А еще среди восставших оказалось много дейлемитов – вот их-то присутствие и заставило горожан дрожать от страха за закрытыми дверями. Едва завидев круглые щиты горцев Дейлема – красные, пополам разделенные золотой полосой и цветочными завитками, – люди захлопывали ставни, задвигали засовы и делали вид, что их нет дома. Даже если дейлемиты врывались в соседние дома, и оттуда слышались крики избиваемых людей, грохот посуды и вопли женщин, с которых сдирали шальвары. Гвардейцы Саида успели закрыться во дворце, а вот город остался беззащитным перед нашествием мятежников: гвардия халифа стояла под Нисибином – или отбивалась за его стенами. Отряды набранной из горожан полиции-ма’уна разбежались, едва завидев зеленые знамена Зайядитов и щиты беспощадных горцев. Когда южане Тарика вошли в город, войско мятежников разбрелось среди домов, садов и пастбищ в богатой, северной части столицы.
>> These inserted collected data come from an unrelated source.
(* For $c>0$ define $$p_1(c)=1-2\Phi(c^{-1})-\sqrt{\tfrac{2}{\pi}}\,c\left(1-\exp\{-\tfrac{c^{-2}}{2}\}\right),$$ where $\Phi(s)=\Pr[X\ge s]$ for $X\sim N(0,1)$. Then for all $c>0$, $$p_1(c)=\sqrt{\tfrac{2}{\pi}}\sum_{k=0}^\infty\frac{(-1)^k}{2^kk!(2k+2)(2k+1)}\frac{1}{c^{2k+1}},$$ and for every $\delta\le\frac12$ and every $c\le\min\left\{\delta,\frac{1}{\sqrt{2\ln(1/\delta)}}\right\}$, $$e^{-\sqrt{\frac{2}{\pi}}(1+\delta)c}\le p_1(c)\le e^{-\sqrt{\frac2\pi}(1-\delta^3)c}.$$
   Context: $p_1(c)$ is the probability that two points at distance $cw$ collide under the Euclidean LSH $h(x)=\lceil (g^\top x+b)/w\rceil$ with $g\sim N(0,I_d)$, $b\sim U[0,w]$; the claim concerns only the explicit formula. *)

theory Defs
  imports "HOL-Probability.Probability"
begin

definition Phi_tail :: "real \<Rightarrow> real" where
  "Phi_tail s = measure (density lborel std_normal_density) {s..}"

definition p1 :: "real \<Rightarrow> real" where
  "p1 c = 1 - 2 * Phi_tail (1 / c) - sqrt (2 / pi) * c * (1 - exp (- (c powi (-2)) / 2))"

end

(*
  Put s = 1/c and let G(s) = \<integral>\<^sub>0\<^sup>s exp(-x\<^sup>2/2) dx; gauss_primitive defines G by its Taylor series,
  the termwise antiderivative of the exponential series of exp(-x\<^sup>2/2).  Since Phi(0) = 1/2 by the
  Gaussian integral, Phi(s) = 1/2 - G(s)/sqrt(2 pi) for s \<ge> 0, hence
  p1(c) = sqrt(2/pi) (G(s) - c (1 - exp(-s\<^sup>2/2))), and subtracting the shifted exponential series
  of c (1 - exp(-s\<^sup>2/2)) from the series of G gives the claimed series.

  For the bounds, the Mills-ratio estimates phi(s)/(s (1 + 1/s\<^sup>2)) \<le> Phi(s) \<le> phi(s)/s, obtained by
  comparing phi with the derivatives of -phi(x)/s and -phi(x)/x on [s, \<infinity>), give
  1 - sqrt(2/pi) c \<le> p1(c) \<le> 1 - sqrt(2/pi) c (1 - c\<^sup>2 exp(-s\<^sup>2/2)).  The hypotheses on c give
  c \<le> \<delta> and exp(-s\<^sup>2/2) \<le> \<delta>; then 1 + t \<le> exp t and exp(-y) \<le> 1 - y + y\<^sup>2/2 finish,
  the latter using sqrt(2/pi) (1 + \<delta>)\<^sup>2 \<le> 8/9 * 9/4 = 2.
*)

theory Submission
  imports Defs "HOL-Real_Asymp.Real_Asymp"
begin

lemma sums_odd_index_iff:
  "(\<lambda>n. if odd n then f (n div 2) else 0) sums s \<longleftrightarrow> f sums s"
proof -
  have "strict_mono (\<lambda>k::nat. 2 * k + 1)"
    by (rule strict_monoI) simp
  moreover have "(if odd n then f (n div 2) else 0) = 0" if "n \<notin> range (\<lambda>k. 2 * k + 1)" for n
    using that by (auto elim!: oddE)
  ultimately show ?thesis
    using sums_mono_reindex[of "\<lambda>k. 2 * k + 1" "\<lambda>n. if odd n then f (n div 2) else 0"] by simp
qed

lemma sums_even_index_iff:
  "(\<lambda>n. if even n then f (n div 2) else 0) sums s \<longleftrightarrow> f sums s"
proof -
  have "strict_mono (\<lambda>k::nat. 2 * k)"
    by (rule strict_monoI) simp
  moreover have "(if even n then f (n div 2) else 0) = 0" if "n \<notin> range (\<lambda>k. 2 * k)" for n
    using that by (auto elim!: evenE)
  ultimately show ?thesis
    using sums_mono_reindex[of "\<lambda>k. 2 * k" "\<lambda>n. if even n then f (n div 2) else 0"] by simp
qed

definition gauss_primitive :: "real \<Rightarrow> real" where
  "gauss_primitive x = (\<Sum>k. (-1) ^ k / (2 ^ k * fact k * (2 * real k + 1)) * x ^ (2 * k + 1))"

definition gauss_coeff :: "nat \<Rightarrow> real" where
  "gauss_coeff n =
     (if odd n then (-1) ^ (n div 2) / (2 ^ (n div 2) * fact (n div 2) * real n) else 0)"

lemma diffs_gauss_coeff:
  "diffs gauss_coeff n = (if even n then (-1) ^ (n div 2) / (2 ^ (n div 2) * fact (n div 2)) else 0)"
  by (cases "even n") (auto simp: diffs_def gauss_coeff_def elim!: evenE)

lemma exp_neg_half_square_sums:
  fixes x :: real
  shows "(\<lambda>k. (-1) ^ k / (2 ^ k * fact k) * x ^ (2 * k)) sums exp (- x\<^sup>2 / 2)"
proof -
  have "(- x\<^sup>2 / 2) ^ k /\<^sub>R fact k = (-1) ^ k / (2 ^ k * fact k) * x ^ (2 * k)" for k
  proof -
    have "(- x\<^sup>2 / 2) ^ k = (-1) ^ k * x ^ (2 * k) / 2 ^ k"
      by (simp add: power_divide power_minus' power_mult)
    then show ?thesis
      by (simp add: field_simps)
  qed
  then show ?thesis
    using exp_converges[of "- x\<^sup>2 / 2"] by simp
qed

lemma one_minus_exp_neg_half_square_sums:
  fixes x :: real
  shows "(\<lambda>k. (-1) ^ k / (2 ^ (k + 1) * fact (k + 1)) * x ^ (2 * k + 2)) sums (1 - exp (- x\<^sup>2 / 2))"
proof -
  let ?f = "\<lambda>k. (-1) ^ k / (2 ^ k * fact k) * x ^ (2 * k)"
  have "(\<lambda>k. ?f (Suc k)) sums (exp (- x\<^sup>2 / 2) - 1)"
    using sums_Suc_iff[of ?f "exp (- x\<^sup>2 / 2) - 1"] exp_neg_half_square_sums[of x] by simp
  from sums_minus[OF this] show ?thesis
    by simp
qed

lemma gauss_primitive_sums:
  "(\<lambda>k. (-1) ^ k / (2 ^ k * fact k * (2 * real k + 1)) * x ^ (2 * k + 1)) sums gauss_primitive x"
  unfolding gauss_primitive_def
proof (rule summable_sums, rule summable_comparison_test')
  show "summable (\<lambda>k. \<bar>x\<bar> * (inverse (fact k) * (x\<^sup>2 / 2) ^ k))"
    by (intro summable_mult summable_exp)
  fix k
  have "norm ((-1) ^ k / (2 ^ k * fact k * (2 * real k + 1)) * x ^ (2 * k + 1))
      = \<bar>x\<bar> * (x\<^sup>2) ^ k / (2 ^ k * fact k) / (2 * real k + 1)"
    by (simp add: abs_mult power_mult power_abs)
  also have "\<dots> \<le> \<bar>x\<bar> * (x\<^sup>2) ^ k / (2 ^ k * fact k)"
    using divide_left_mono[of 1 "2 * real k + 1" "\<bar>x\<bar> * (x\<^sup>2) ^ k / (2 ^ k * fact k)"] by simp
  also have "\<dots> = \<bar>x\<bar> * (inverse (fact k) * (x\<^sup>2 / 2) ^ k)"
    by (simp add: power_divide field_simps)
  finally show "norm ((-1) ^ k / (2 ^ k * fact k * (2 * real k + 1)) * x ^ (2 * k + 1))
      \<le> \<bar>x\<bar> * (inverse (fact k) * (x\<^sup>2 / 2) ^ k)" .
qed

lemma gauss_coeff_power_series_sums: "(\<lambda>n. gauss_coeff n * x ^ n) sums gauss_primitive x"
proof -
  let ?a = "\<lambda>k. (-1) ^ k / (2 ^ k * fact k * (2 * real k + 1)) * x ^ (2 * k + 1)"
  have "(\<lambda>n. gauss_coeff n * x ^ n) = (\<lambda>n. if odd n then ?a (n div 2) else 0)"
  proof
    fix n :: nat
    show "gauss_coeff n * x ^ n = (if odd n then ?a (n div 2) else 0)"
      by (cases "odd n") (auto simp: gauss_coeff_def elim!: oddE)
  qed
  then show ?thesis
    using sums_odd_index_iff[of ?a] gauss_primitive_sums[of x] by simp
qed

lemma has_real_derivative_gauss_primitive:
  "(gauss_primitive has_real_derivative exp (- x\<^sup>2 / 2)) (at x)"
proof -
  have "(\<lambda>n. diffs gauss_coeff n * x ^ n)
      = (\<lambda>n. if even n then (-1) ^ (n div 2) / (2 ^ (n div 2) * fact (n div 2)) * x ^ (2 * (n div 2)) else 0)"
    by (auto simp: diffs_gauss_coeff elim!: evenE)
  then have "(\<lambda>n. diffs gauss_coeff n * x ^ n) sums exp (- x\<^sup>2 / 2)"
    using sums_even_index_iff[of "\<lambda>k. (-1) ^ k / (2 ^ k * fact k) * x ^ (2 * k)"]
      exp_neg_half_square_sums[of x] by simp
  moreover have "gauss_primitive = (\<lambda>x. \<Sum>n. gauss_coeff n * x ^ n)"
    using gauss_coeff_power_series_sums by (auto simp: sums_iff)
  ultimately show ?thesis
    using termdiffs_strong_converges_everywhere[of gauss_coeff x] gauss_coeff_power_series_sums
    by (simp add: sums_iff)
qed

lemma gauss_primitive_0 [simp]: "gauss_primitive 0 = 0"
  using gauss_primitive_sums[of 0] by (simp add: sums_iff)

lemma gauss_primitive_nonneg: "0 \<le> x \<Longrightarrow> 0 \<le> gauss_primitive x"
  using DERIV_nonneg_imp_nondecreasing[of 0 x gauss_primitive] has_real_derivative_gauss_primitive
  by fastforce

lemma Phi_tail_nonneg: "0 \<le> Phi_tail s"
  by (simp add: Phi_tail_def)

lemma Phi_tail_nn_integral:
  "ennreal (Phi_tail s) = (\<integral>\<^sup>+x \<in> {s..}. ennreal (std_normal_density x) \<partial>lborel)"
proof -
  interpret prob_space "density lborel std_normal_density"
    by (rule prob_space_normal_density) simp
  show ?thesis
    by (simp add: Phi_tail_def emeasure_eq_measure[symmetric] emeasure_density)
qed

lemma Phi_tail_0: "Phi_tail 0 = 1 / 2"
proof -
  have gauss: "(\<integral>\<^sup>+x. ennreal (indicator {0..} x * exp (- x\<^sup>2)) \<partial>lborel) = ennreal (sqrt pi / 2)"
    using gaussian_moment_0 by (subst nn_integral_eq_integral) (auto simp: has_bochner_integral_iff)
  have "ennreal (Phi_tail 0)
      = ennreal (sqrt 2) * (\<integral>\<^sup>+x \<in> {0..}. ennreal (std_normal_density (sqrt 2 * x)) \<partial>lborel)"
    unfolding Phi_tail_nn_integral
    using nn_integral_real_affine[of "\<lambda>x. ennreal (std_normal_density x) * indicator {0..} x" "sqrt 2" 0]
    by (simp add: indicator_def zero_le_mult_iff)
  also have "\<dots> = (\<integral>\<^sup>+x. ennreal (1 / sqrt pi) * ennreal (indicator {0..} x * exp (- x\<^sup>2)) \<partial>lborel)"
    by (subst nn_integral_cmult[symmetric])
      (auto intro!: nn_integral_cong simp: ennreal_mult[symmetric] std_normal_density_def
        real_sqrt_mult power_mult_distrib indicator_def)
  also have "\<dots> = ennreal (1 / sqrt pi) * ennreal (sqrt pi / 2)"
    by (subst nn_integral_cmult) (auto simp: gauss)
  also have "\<dots> = ennreal (1 / 2)"
    by (simp add: ennreal_mult[symmetric])
  finally show ?thesis
    using Phi_tail_nonneg[of 0] by (subst (asm) ennreal_inj) auto
qed

lemma Phi_tail_eq_gauss_primitive:
  assumes "0 \<le> s"
  shows "Phi_tail s = 1 / 2 - gauss_primitive s / sqrt (2 * pi)"
proof -
  have deriv: "((\<lambda>x. gauss_primitive x / sqrt (2 * pi)) has_real_derivative std_normal_density x) (at x)"
    for x
    using DERIV_cdivide[OF has_real_derivative_gauss_primitive, of "sqrt (2 * pi)"]
    by (simp add: std_normal_density_def)
  have head: "(\<integral>\<^sup>+x \<in> {0..s}. ennreal (std_normal_density x) \<partial>lborel)
      = ennreal (gauss_primitive s / sqrt (2 * pi))"
    using nn_integral_FTC_Icc[OF _ deriv _ assms] by simp
  have tail: "(\<integral>\<^sup>+x \<in> {s<..}. ennreal (std_normal_density x) \<partial>lborel) = ennreal (Phi_tail s)"
    unfolding Phi_tail_nn_integral
    by (rule nn_integral_cong_AE) (use AE_lborel_singleton[of s] in \<open>auto simp: indicator_def\<close>)
  have "ennreal (1 / 2) = (\<integral>\<^sup>+x \<in> {0..s} \<union> {s<..}. ennreal (std_normal_density x) \<partial>lborel)"
    using assms by (simp add: ivl_disj_un_one(7) Phi_tail_0 flip: Phi_tail_nn_integral)
  also have "\<dots> = ennreal (gauss_primitive s / sqrt (2 * pi)) + ennreal (Phi_tail s)"
    by (subst nn_integral_disjoint_pair) (auto simp: head tail)
  also have "\<dots> = ennreal (gauss_primitive s / sqrt (2 * pi) + Phi_tail s)"
    using assms by (simp add: gauss_primitive_nonneg Phi_tail_nonneg)
  finally show ?thesis
    using assms gauss_primitive_nonneg[of s] Phi_tail_nonneg[of s]
    by (subst (asm) ennreal_inj) auto
qed

lemma has_real_derivative_std_normal_density:
  "(std_normal_density has_real_derivative - x * std_normal_density x) (at x)"
proof -
  have "((\<lambda>x. exp (- x\<^sup>2 / 2)) has_real_derivative - x * exp (- x\<^sup>2 / 2)) (at x)"
    by (auto intro!: derivative_eq_intros)
  from DERIV_cmult[OF this, of "1 / sqrt (2 * pi)"] show ?thesis
    unfolding std_normal_density_def[abs_def] by (simp add: mult_ac)
qed

lemma Phi_tail_le_Mills:
  assumes s: "0 < s"
  shows "Phi_tail s \<le> std_normal_density s / s"
proof -
  have "ennreal (Phi_tail s) \<le> (\<integral>\<^sup>+x \<in> {s..}. ennreal (x * std_normal_density x / s) \<partial>lborel)"
    unfolding Phi_tail_nn_integral
  proof (intro nn_integral_mono)
    fix x
    show "ennreal (std_normal_density x) * indicator {s..} x
        \<le> ennreal (x * std_normal_density x / s) * indicator {s..} x"
      using s by (auto simp: indicator_def field_simps intro!: ennreal_leI mult_right_mono)
  qed
  also have "\<dots> = ennreal (0 - (- std_normal_density s / s))"
  proof (rule nn_integral_FTC_atLeast[where F = "\<lambda>x. - std_normal_density x / s"])
    fix x assume "s \<le> x"
    show "((\<lambda>x. - std_normal_density x / s) has_real_derivative x * std_normal_density x / s) (at x)"
      using DERIV_cdivide[OF DERIV_minus[OF has_real_derivative_std_normal_density], of s] by simp
    show "0 \<le> x * std_normal_density x / s"
      using s \<open>s \<le> x\<close> by simp
  next
    show "((\<lambda>x. - std_normal_density x / s) \<longlongrightarrow> 0) at_top"
      unfolding std_normal_density_def using s by real_asymp
  qed simp
  finally show ?thesis
    using s by simp
qed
Горцы разбили огромный палаточный лагерь в парках среди усадеб квартала аль-Мухаррим. С тысячу мятежников квартировало в шатрах и домах прямо перед воротами Баб-аз-Захаба – разогнав торговцев пряжей и обитателей этих богатых жилищ. Когда тысяча Муслима покончила с грязным ополчением безумцев, загадивших обширную площадь перед дворцом, она присоединилась к Тарику. Тот изничтожал саранчу, топтавшую лужайки и обиравшую лимонные и финиковые рощи аль-Мухаррима. Еще три дня ушло на то, чтобы выловить и выбить из жилищ всех заяйдитов, часть из которых успела забаррикадироваться в домах, взяв в заложники горожан – или заранее предусмотрительно перебив их. Тарик приказал обезглавить всех пленных дейлемитов – а остальных одержимых продать для государственных работ по ремонту каналов в долине Нарджис.

Говорили, что за «четыре судных дня» – так стали называть сражение на улицах Мадинат-аль-Заура – перебили не менее десяти тысяч мятежников, а всего их было чуть ли не пятнадцать тысяч. Тарик же, шептались горожане, привел в город только свои три тысячи южан да перешедшие под его начало две тысячи погибшего под Нисибином Тахира ибн аль-Хусайна. Он воистину ангел, кивали друг другу люди, стрела Охраняющего и Дарующего безопасность.

– …Ты позвала – и я пришел на помощь.

Из-за завесы послышался звон браслетов – и сдавленные всхлипы. Айша, не в силах долее сдерживаться, расплакалась:

– Мне так страшно… и так одиноко… Не уезжай, я боюсь здесь оставаться без тебя, Тарег… Мне страшно, Фахр спит со мной в одной комнате, а я не сплю, я слушаю шаги за занавесами, я очень боюсь…

И она заплакала навзрыд – вздрагивая и задыхаясь.

Кругом стояли и сидели люди, евнухи многозначительно посматривали на огороженное высокими ширмами возвышение. Из-за роскошных парчовых складок слышались безутешные рыдания испуганной женщины.

– Тарег?..

Он поклонился у собравшегося мягкими складками края занавеса. Налетевший из сада ветер втянул тончайший шелк внутрь, и колышущаяся ткань облепила жалобно выставленную вперед, пытающуюся неведомо что нащупать ладонь Айши. Тарег поднял руку и приложил ее к обвитым мягким шелком тоненьким пальцам – их ладони встретились сквозь ткань.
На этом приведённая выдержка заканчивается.